• **Task brief**
Could you reproduce the line where "using assms(1,2) by simp" occurs and all lines after it in the listing below, through the final one, without changing anything?
[Dataset content Boundary: Start]
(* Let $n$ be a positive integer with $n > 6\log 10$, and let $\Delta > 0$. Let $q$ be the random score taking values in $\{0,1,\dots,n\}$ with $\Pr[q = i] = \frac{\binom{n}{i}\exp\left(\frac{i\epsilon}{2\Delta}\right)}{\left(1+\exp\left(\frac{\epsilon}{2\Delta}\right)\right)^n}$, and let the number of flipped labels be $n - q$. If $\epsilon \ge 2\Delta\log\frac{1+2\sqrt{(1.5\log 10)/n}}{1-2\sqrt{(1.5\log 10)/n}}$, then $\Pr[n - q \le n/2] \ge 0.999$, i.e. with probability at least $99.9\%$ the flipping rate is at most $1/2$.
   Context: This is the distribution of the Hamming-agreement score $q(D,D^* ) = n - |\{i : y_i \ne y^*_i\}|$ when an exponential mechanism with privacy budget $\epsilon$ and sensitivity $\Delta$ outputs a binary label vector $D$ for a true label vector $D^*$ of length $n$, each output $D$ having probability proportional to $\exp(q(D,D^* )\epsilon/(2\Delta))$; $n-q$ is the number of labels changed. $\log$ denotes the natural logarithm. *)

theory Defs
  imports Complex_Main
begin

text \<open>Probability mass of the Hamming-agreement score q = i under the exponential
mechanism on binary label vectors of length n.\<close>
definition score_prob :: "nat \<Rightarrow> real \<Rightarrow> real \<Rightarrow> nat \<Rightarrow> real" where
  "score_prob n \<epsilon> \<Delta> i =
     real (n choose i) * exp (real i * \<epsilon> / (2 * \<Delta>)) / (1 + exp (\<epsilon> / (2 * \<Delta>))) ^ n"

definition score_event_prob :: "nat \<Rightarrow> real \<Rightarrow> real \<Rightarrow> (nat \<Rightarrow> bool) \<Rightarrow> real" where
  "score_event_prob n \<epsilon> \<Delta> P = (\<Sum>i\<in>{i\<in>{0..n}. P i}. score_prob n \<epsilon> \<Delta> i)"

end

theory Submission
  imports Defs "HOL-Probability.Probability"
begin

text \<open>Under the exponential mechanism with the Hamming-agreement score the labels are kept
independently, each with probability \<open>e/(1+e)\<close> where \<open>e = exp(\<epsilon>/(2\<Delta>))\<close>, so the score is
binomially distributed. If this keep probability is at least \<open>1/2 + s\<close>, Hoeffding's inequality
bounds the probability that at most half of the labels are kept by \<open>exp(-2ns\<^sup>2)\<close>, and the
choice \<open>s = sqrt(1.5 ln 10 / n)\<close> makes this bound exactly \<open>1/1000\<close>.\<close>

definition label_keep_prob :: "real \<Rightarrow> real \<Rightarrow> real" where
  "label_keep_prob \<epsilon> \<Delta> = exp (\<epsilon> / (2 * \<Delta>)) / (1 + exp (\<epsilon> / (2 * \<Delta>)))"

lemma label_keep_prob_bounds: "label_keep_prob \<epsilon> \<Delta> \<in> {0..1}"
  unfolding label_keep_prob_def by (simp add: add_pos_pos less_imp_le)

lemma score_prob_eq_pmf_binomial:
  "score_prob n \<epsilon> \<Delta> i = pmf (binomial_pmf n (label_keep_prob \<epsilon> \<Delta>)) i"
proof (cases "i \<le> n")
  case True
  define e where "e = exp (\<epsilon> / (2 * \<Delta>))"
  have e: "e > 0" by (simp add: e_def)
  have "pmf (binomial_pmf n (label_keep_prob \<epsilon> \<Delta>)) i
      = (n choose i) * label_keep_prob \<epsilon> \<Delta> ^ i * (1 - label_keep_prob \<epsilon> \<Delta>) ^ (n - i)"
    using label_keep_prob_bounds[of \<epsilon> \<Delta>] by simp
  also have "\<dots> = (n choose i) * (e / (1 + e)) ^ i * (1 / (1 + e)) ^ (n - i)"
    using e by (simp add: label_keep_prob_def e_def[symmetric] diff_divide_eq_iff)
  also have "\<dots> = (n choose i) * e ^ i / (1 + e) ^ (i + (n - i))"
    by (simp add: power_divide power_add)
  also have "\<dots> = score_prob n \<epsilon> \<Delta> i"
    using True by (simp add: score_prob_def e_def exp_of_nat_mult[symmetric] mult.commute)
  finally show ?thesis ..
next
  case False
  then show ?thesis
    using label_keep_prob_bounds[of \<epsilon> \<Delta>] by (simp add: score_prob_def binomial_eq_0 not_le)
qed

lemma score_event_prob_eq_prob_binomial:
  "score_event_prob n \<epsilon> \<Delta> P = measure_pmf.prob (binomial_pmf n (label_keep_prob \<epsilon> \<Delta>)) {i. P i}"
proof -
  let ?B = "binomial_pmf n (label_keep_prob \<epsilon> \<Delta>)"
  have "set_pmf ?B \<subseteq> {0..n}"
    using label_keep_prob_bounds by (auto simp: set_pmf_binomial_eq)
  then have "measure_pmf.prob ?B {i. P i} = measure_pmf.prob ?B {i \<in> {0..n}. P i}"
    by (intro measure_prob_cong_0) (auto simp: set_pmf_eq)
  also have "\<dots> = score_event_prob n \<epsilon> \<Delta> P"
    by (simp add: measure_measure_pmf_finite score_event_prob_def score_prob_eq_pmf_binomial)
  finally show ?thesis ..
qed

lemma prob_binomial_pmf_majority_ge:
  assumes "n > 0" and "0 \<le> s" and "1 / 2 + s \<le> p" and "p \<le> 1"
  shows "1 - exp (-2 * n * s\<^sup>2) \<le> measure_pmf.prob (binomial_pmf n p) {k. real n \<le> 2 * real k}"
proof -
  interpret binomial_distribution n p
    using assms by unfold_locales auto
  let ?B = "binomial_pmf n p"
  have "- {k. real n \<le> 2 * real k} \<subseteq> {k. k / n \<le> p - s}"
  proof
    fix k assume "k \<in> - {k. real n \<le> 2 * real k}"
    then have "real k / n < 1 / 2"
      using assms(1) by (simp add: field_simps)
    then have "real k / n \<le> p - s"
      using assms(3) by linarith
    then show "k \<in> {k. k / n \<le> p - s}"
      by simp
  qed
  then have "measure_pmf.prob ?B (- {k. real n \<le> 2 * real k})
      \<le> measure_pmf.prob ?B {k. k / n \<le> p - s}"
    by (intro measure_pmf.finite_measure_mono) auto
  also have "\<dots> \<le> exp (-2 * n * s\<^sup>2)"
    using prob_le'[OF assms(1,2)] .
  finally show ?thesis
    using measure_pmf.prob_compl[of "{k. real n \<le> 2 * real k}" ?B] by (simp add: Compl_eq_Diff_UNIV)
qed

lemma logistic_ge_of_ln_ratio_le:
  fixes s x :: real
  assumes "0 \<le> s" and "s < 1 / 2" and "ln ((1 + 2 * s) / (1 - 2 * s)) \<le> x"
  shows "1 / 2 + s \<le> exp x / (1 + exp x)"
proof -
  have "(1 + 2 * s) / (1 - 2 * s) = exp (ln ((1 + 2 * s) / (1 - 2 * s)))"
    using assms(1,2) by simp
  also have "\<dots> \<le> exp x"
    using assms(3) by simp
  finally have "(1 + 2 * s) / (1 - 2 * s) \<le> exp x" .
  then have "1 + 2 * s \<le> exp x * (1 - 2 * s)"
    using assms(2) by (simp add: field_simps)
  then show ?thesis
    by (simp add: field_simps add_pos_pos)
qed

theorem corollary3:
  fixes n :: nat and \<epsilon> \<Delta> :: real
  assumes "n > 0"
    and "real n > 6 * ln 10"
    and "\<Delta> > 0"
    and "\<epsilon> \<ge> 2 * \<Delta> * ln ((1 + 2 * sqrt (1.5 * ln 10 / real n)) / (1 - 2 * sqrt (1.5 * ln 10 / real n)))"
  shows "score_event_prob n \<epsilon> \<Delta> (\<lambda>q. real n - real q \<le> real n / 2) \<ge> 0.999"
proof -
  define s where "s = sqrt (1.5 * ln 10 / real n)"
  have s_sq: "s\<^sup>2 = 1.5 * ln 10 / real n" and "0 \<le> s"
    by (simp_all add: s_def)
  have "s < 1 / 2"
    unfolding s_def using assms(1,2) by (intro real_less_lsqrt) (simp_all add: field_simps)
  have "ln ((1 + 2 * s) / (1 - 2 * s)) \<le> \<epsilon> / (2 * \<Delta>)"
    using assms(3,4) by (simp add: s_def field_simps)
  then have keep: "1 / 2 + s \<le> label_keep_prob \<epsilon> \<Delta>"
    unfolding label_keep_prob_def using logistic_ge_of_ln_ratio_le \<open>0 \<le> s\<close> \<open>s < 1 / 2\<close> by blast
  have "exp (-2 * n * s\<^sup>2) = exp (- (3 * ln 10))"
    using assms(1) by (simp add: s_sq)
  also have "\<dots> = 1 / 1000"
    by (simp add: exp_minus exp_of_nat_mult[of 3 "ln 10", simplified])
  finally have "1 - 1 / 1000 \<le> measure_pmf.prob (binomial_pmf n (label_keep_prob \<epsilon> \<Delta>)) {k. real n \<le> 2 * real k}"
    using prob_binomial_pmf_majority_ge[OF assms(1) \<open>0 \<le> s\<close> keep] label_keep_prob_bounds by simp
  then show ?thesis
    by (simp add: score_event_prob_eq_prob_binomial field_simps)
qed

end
[Dataset content Boundary: End]
• **Exercise output**
    using assms(1,2) by simp
  also have "\<dots> \<le> exp x"
    using assms(3) by simp
  finally have "(1 + 2 * s) / (1 - 2 * s) \<le> exp x" .
  then have "1 + 2 * s \<le> exp x * (1 - 2 * s)"
    using assms(2) by (simp add: field_simps)
  then show ?thesis
    by (simp add: field_simps add_pos_pos)
qed

theorem corollary3:
  fixes n :: nat and \<epsilon> \<Delta> :: real
  assumes "n > 0"
    and "real n > 6 * ln 10"
    and "\<Delta> > 0"
    and "\<epsilon> \<ge> 2 * \<Delta> * ln ((1 + 2 * sqrt (1.5 * ln 10 / real n)) / (1 - 2 * sqrt (1.5 * ln 10 / real n)))"
  shows "score_event_prob n \<epsilon> \<Delta> (\<lambda>q. real n - real q \<le> real n / 2) \<ge> 0.999"
proof -
  define s where "s = sqrt (1.5 * ln 10 / real n)"
  have s_sq: "s\<^sup>2 = 1.5 * ln 10 / real n" and "0 \<le> s"
    by (simp_all add: s_def)
  have "s < 1 / 2"
    unfolding s_def using assms(1,2) by (intro real_less_lsqrt) (simp_all add: field_simps)
  have "ln ((1 + 2 * s) / (1 - 2 * s)) \<le> \<epsilon> / (2 * \<Delta>)"
    using assms(3,4) by (simp add: s_def field_simps)
  then have keep: "1 / 2 + s \<le> label_keep_prob \<epsilon> \<Delta>"
    unfolding label_keep_prob_def using logistic_ge_of_ln_ratio_le \<open>0 \<le> s\<close> \<open>s < 1 / 2\<close> by blast
  have "exp (-2 * n * s\<^sup>2) = exp (- (3 * ln 10))"
    using assms(1) by (simp add: s_sq)
  also have "\<dots> = 1 / 1000"
    by (simp add: exp_minus exp_of_nat_mult[of 3 "ln 10", simplified])
  finally have "1 - 1 / 1000 \<le> measure_pmf.prob (binomial_pmf n (label_keep_prob \<epsilon> \<Delta>)) {k. real n \<le> 2 * real k}"
    using prob_binomial_pmf_majority_ge[OF assms(1) \<open>0 \<le> s\<close> keep] label_keep_prob_bounds by simp
  then show ?thesis
    by (simp add: score_event_prob_eq_prob_binomial field_simps)
qed

end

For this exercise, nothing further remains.